While the city, suffering from the effects of the war, starts on the road of reconstruction by entrusting itself to its artistic heritage and to the thousands of shops that open on its narrow streets, Giovanni Battista Giorgini planned his great dream: to create and export Italian Fashion.
First of all, the fashion houses had to come out from their isolation and be convinced to take a risk together.
This Florentine gentleman, already active with his buying office since 1923, knew the American market very well.
He also knew that manual ability alone was not sufficient to accomplish this goal; high quality in the products and new ideas were also necessary.

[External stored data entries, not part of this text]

lemma neg_in_normal_cone_Cset_t_iff:
  "- w \<in> normal_cone (Cset_t j K f \<eta> t) y \<longleftrightarrow>
    w \<in> K \<and> f t - y \<in> Cset j K \<eta> \<and> inner (f t - y) w = j \<eta> w"
proof -
  have "y \<in> Cset_t j K f \<eta> t \<longleftrightarrow> f t - y \<in> Cset j K \<eta>"
    unfolding Cset_t_def by (auto intro: image_eqI[of _ _ "f t - y"])
  moreover have "(\<forall>z\<in>Cset_t j K f \<eta> t. inner (- w) (z - y) \<le> 0) \<longleftrightarrow>
      (\<forall>\<xi>\<in>Cset j K \<eta>. inner \<xi> w \<le> inner (f t - y) w)"
    unfolding Cset_t_def by (auto simp: inner_diff_left inner_diff_right inner_commute)
  ultimately show ?thesis
    unfolding normal_cone_def using maximizer_Cset_iff[of "f t - y" \<eta> w] by auto
qed

end

text \<open>Dual form of the variational inequality
  \<open>\<forall>v\<in>K. inner (A w - g) (v - w) + j \<eta> v - j \<eta> w \<ge> 0\<close>.\<close>
definition stationary_solution ::
  "('a::real_inner \<Rightarrow> 'a) \<Rightarrow> ('a \<Rightarrow> 'a \<Rightarrow> real) \<Rightarrow> 'a set \<Rightarrow> 'a \<Rightarrow> 'a \<Rightarrow> 'a \<Rightarrow> bool" where
  "stationary_solution A j K \<eta> g w \<longleftrightarrow> w \<in> K \<and> g - A w \<in> Cset j K \<eta> \<and> inner (g - A w) w = j \<eta> w"

locale stationary_problem = cone_functional K j
  for K :: "'a::{real_inner,complete_space} set" and j +
  fixes A :: "'a \<Rightarrow> 'a" and mA LA \<alpha> :: real
  assumes mA_pos: "mA > 0" and LA_pos: "LA > 0"
    and strongly_monotone: "\<And>u v. mA * (norm (u - v))\<^sup>2 \<le> inner (A u - A v) (u - v)"
    and A_lipschitz: "\<And>u v. norm (A u - A v) \<le> LA * norm (u - v)"
    and \<alpha>_nonneg: "\<alpha> \<ge> 0"
    and j_mixed: "\<And>\<eta>1 \<eta>2 v1 v2. v1 \<in> K \<Longrightarrow> v2 \<in> K \<Longrightarrow>
      j \<eta>1 v2 - j \<eta>1 v1 + j \<eta>2 v1 - j \<eta>2 v2 \<le> \<alpha> * norm (\<eta>1 - \<eta>2) * norm (v1 - v2)"
begin

text \<open>The solution is the fixed point of \<open>w \<mapsto> prox (w - \<rho> (A w - g))\<close>, where \<open>prox\<close> is the
  proximal map of \<open>\<rho> j \<eta>\<close> on \<open>K\<close> and \<open>\<rho> = mA / LA\<^sup>2\<close> makes the gradient step a contraction.\<close>
lemma stationary_solution_exists: "\<exists>w. stationary_solution A j K \<eta> g w"
proof -
  define \<rho> where "\<rho> = mA / LA\<^sup>2"
  have "\<rho> > 0" using mA_pos LA_pos by (simp add: \<rho>_def)
  obtain L where L: "L-lipschitz_on K (j \<eta>)" using lipschitz by blast
  have "\<exists>x\<in>K. \<forall>v\<in>K. 0 \<le> inner (x - z) (v - x) + \<rho> * j \<eta> v - \<rho> * j \<eta> x" for z
    using exists_proximal_point[OF convex_K closed K_nonempty convex_on_cmul[OF _ convex]
        lipschitz_on_cmult_real_nonneg[OF L]] \<open>\<rho> > 0\<close> by simp
  then obtain prox where prox: "\<And>z. prox z \<in> K"
    "\<And>z v. v \<in> K \<Longrightarrow> 0 \<le> inner (prox z - z) (v - prox z) + \<rho> * j \<eta> v - \<rho> * j \<eta> (prox z)"
    by metis
  define c where "c = sqrt (max 0 (1 - mA\<^sup>2 / LA\<^sup>2))"
  have "c < 1" using mA_pos LA_pos by (simp add: c_def max_def)
  have "dist (prox (w1 - \<rho> *\<^sub>R (A w1 - g))) (prox (w2 - \<rho> *\<^sub>R (A w2 - g))) \<le> c * dist w1 w2" for w1 w2
  proof -
    have "dist (prox (w1 - \<rho> *\<^sub>R (A w1 - g))) (prox (w2 - \<rho> *\<^sub>R (A w2 - g)))
        \<le> norm ((w1 - \<rho> *\<^sub>R (A w1 - g)) - (w2 - \<rho> *\<^sub>R (A w2 - g)))"
      unfolding dist_norm by (intro proximal_point_nonexpansive[where \<phi> = "\<lambda>v. \<rho> * j \<eta> v"] prox)
    also have "\<dots> = norm ((w1 - \<rho> *\<^sub>R A w1) - (w2 - \<rho> *\<^sub>R A w2))"
      by (simp add: algebra_simps)
    also have "\<dots> \<le> c * dist w1 w2"
      unfolding c_def \<rho>_def dist_norm
      by (intro strongly_monotone_gradient_step_contraction mA_pos LA_pos strongly_monotone A_lipschitz)
    finally show ?thesis .
  qed
  then obtain w where w: "prox (w - \<rho> *\<^sub>R (A w - g)) = w"
    using banach_fix_type[of c "\<lambda>w. prox (w - \<rho> *\<^sub>R (A w - g))"] \<open>c < 1\<close> by (auto simp: c_def)
  have "inner (g - A w) (v - w) \<le> j \<eta> v - j \<eta> w" if "v \<in> K" for v
  proof -
    have "0 \<le> inner (w - (w - \<rho> *\<^sub>R (A w - g))) (v - w) + \<rho> * j \<eta> v - \<rho> * j \<eta> w"
      using prox(2)[OF that, of "w - \<rho> *\<^sub>R (A w - g)"] unfolding w .
    then have "0 \<le> \<rho> * (inner (A w - g) (v - w) + j \<eta> v - j \<eta> w)"
      by (simp add: algebra_simps)
    then show ?thesis
      using \<open>\<rho> > 0\<close> by (simp add: zero_le_mult_iff inner_diff_left inner_diff_right)
  qed
  then show ?thesis
    using Cset_if_variational_ineq[of w] prox(1)[of "w - \<rho> *\<^sub>R (A w - g)"]
    unfolding stationary_solution_def w by blast
qed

The self-set task of Giorgini, expert of art and collector of antiques was based on a simple idea: to stimulate our best craftsmen to get inspiration from the Renaissance tradition while emphasizing the typical features of that period: good taste, creativity, joy of living.
Therefore, at the beginning of February 1951, on the invitation to a soir?e in his beautiful residence in Via dei Serragli, there was a Sixteen Century portrait of a Lady with the message "The purpose of this evening is to give importance to our Fashion. The ladies are kindly requested to wear dresses of pure Italian inspiration".
In the ballroom, dresses of the most important Italian ateliers of that period were presented on a single catwalk.
There, that evening, names like Emilio Pucci or Schubert began their careers. Each model appeared holding a number in her hand so that the buyers could identify each dress.
These unpublished photos of that evening, from the private archives of the Giorgini family, are the documents of the first steps of what became the most visible phenomenon in the economic and artistic development of the Italian post-war period.
Fresh from the Paris fashion shows, a few buyers of the most important North American companies, I. Magnin, B. Altman, Bergdorf Goodman, Henry Morgan and some journalists, among them, the "Womens Wear Daily" correspondent, were present.
It was the "gotha" of the worldwide fashion. Giorgini had been worried fearing the comparison with the Paris shows.
What happened instead was an immediate success that exceeded the best expectations. The buyers asked their stores to send more funds and the ateliers were submerged with orders.
In July 51, for the second show where 600 dresses were presented, Giorgini obtained the use the Grand Hotel; and then in July 1952, the use of the splendid Sala Bianca of Palazzo Pitti was permitted. From the Sala Bianca, Capucci, Valentino, Armani and many others got their start.
Also in 1952, the first man appeared on a runway.
He did not appear alone, but was accompanied by one of the female models.
He wore a suit designed by Brioni. Later on, spaces for children fashion, intimate apparel, and fabrics were created.
The road to Italian Fashion was laid. In the 60s Giorgini opens the way to Ready-to-Wear, trusting in the potential of an area where colors, design and care of the details are to become an Italian symbol.
Twice a year, Florence became the capital of good taste attracting to the banks of the Arno River not only hundreds of buyers and journalists, but even Hollywoods famous actors and international high society.
Giorginis direction lasted for 15 years until 1965 when his mandate ended.
To this day, his dream is still a great reality that continues to astonish, to fascinate and to generate wealth.